#### [ACTIVITY]
Repeat exactly, and only, the lines below starting at the line that contains "using grad_inv_limit[OF tendsto_fst[OF" and ending at the line that contains "unfolding dual_def", inclusive of both.

########

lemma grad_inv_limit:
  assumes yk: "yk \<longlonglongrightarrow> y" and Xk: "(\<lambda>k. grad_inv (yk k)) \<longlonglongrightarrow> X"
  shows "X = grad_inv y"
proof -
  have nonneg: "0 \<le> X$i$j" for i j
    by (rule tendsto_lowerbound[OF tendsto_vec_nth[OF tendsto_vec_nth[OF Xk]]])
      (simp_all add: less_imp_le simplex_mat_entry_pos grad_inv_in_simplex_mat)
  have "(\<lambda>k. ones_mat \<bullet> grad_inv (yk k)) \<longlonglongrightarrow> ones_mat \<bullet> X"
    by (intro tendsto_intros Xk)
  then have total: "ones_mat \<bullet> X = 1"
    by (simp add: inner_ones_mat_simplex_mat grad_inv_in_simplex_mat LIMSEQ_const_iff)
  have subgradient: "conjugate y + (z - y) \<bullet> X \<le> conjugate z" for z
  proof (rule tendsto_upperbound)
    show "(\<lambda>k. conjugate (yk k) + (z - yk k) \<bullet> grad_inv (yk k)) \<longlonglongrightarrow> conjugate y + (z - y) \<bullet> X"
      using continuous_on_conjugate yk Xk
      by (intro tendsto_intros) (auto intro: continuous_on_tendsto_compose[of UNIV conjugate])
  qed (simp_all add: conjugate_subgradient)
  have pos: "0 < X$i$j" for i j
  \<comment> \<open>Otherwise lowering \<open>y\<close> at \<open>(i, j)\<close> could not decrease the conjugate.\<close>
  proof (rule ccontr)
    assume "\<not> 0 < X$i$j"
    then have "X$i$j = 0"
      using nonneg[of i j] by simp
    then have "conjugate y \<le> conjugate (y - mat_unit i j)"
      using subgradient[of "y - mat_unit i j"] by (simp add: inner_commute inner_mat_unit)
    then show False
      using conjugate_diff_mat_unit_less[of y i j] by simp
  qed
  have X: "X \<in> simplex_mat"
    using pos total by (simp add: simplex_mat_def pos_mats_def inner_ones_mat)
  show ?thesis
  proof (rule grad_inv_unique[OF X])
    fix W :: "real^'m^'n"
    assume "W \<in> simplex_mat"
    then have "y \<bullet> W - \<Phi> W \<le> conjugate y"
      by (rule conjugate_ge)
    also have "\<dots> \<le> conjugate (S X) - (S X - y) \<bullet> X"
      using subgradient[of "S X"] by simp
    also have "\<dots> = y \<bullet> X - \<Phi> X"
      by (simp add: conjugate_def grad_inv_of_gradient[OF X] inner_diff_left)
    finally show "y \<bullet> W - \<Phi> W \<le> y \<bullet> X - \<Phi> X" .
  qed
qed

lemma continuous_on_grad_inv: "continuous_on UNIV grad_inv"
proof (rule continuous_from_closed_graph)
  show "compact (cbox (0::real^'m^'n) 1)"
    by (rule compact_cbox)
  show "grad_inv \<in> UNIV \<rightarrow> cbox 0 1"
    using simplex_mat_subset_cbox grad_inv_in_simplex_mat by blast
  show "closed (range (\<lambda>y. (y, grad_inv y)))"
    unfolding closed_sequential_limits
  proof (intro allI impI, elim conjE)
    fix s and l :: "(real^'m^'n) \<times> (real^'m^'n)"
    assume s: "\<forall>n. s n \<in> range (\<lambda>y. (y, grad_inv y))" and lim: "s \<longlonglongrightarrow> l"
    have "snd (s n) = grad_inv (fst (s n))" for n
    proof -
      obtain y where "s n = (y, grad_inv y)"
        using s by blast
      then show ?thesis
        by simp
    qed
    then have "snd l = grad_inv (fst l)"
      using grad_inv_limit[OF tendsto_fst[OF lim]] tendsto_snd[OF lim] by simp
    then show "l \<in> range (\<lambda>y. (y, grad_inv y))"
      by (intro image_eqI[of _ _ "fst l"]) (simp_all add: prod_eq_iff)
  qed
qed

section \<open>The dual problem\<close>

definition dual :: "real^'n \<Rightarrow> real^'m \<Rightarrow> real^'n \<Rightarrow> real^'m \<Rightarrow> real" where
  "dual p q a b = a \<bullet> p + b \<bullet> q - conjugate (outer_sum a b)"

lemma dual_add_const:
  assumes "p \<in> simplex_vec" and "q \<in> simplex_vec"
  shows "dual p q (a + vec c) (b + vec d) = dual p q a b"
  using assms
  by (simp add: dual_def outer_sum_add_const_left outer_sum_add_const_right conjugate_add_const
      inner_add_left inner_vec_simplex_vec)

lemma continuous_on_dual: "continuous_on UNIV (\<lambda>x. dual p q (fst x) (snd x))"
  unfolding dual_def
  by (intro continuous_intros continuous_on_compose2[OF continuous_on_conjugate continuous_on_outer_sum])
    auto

########

#### [WRITTEN ANSWER]
      using grad_inv_limit[OF tendsto_fst[OF lim]] tendsto_snd[OF lim] by simp
    then show "l \<in> range (\<lambda>y. (y, grad_inv y))"
      by (intro image_eqI[of _ _ "fst l"]) (simp_all add: prod_eq_iff)
  qed
qed

section \<open>The dual problem\<close>

definition dual :: "real^'n \<Rightarrow> real^'m \<Rightarrow> real^'n \<Rightarrow> real^'m \<Rightarrow> real" where
  "dual p q a b = a \<bullet> p + b \<bullet> q - conjugate (outer_sum a b)"

lemma dual_add_const:
  assumes "p \<in> simplex_vec" and "q \<in> simplex_vec"
  shows "dual p q (a + vec c) (b + vec d) = dual p q a b"
  using assms
  by (simp add: dual_def outer_sum_add_const_left outer_sum_add_const_right conjugate_add_const
      inner_add_left inner_vec_simplex_vec)

lemma continuous_on_dual: "continuous_on UNIV (\<lambda>x. dual p q (fst x) (snd x))"
  unfolding dual_def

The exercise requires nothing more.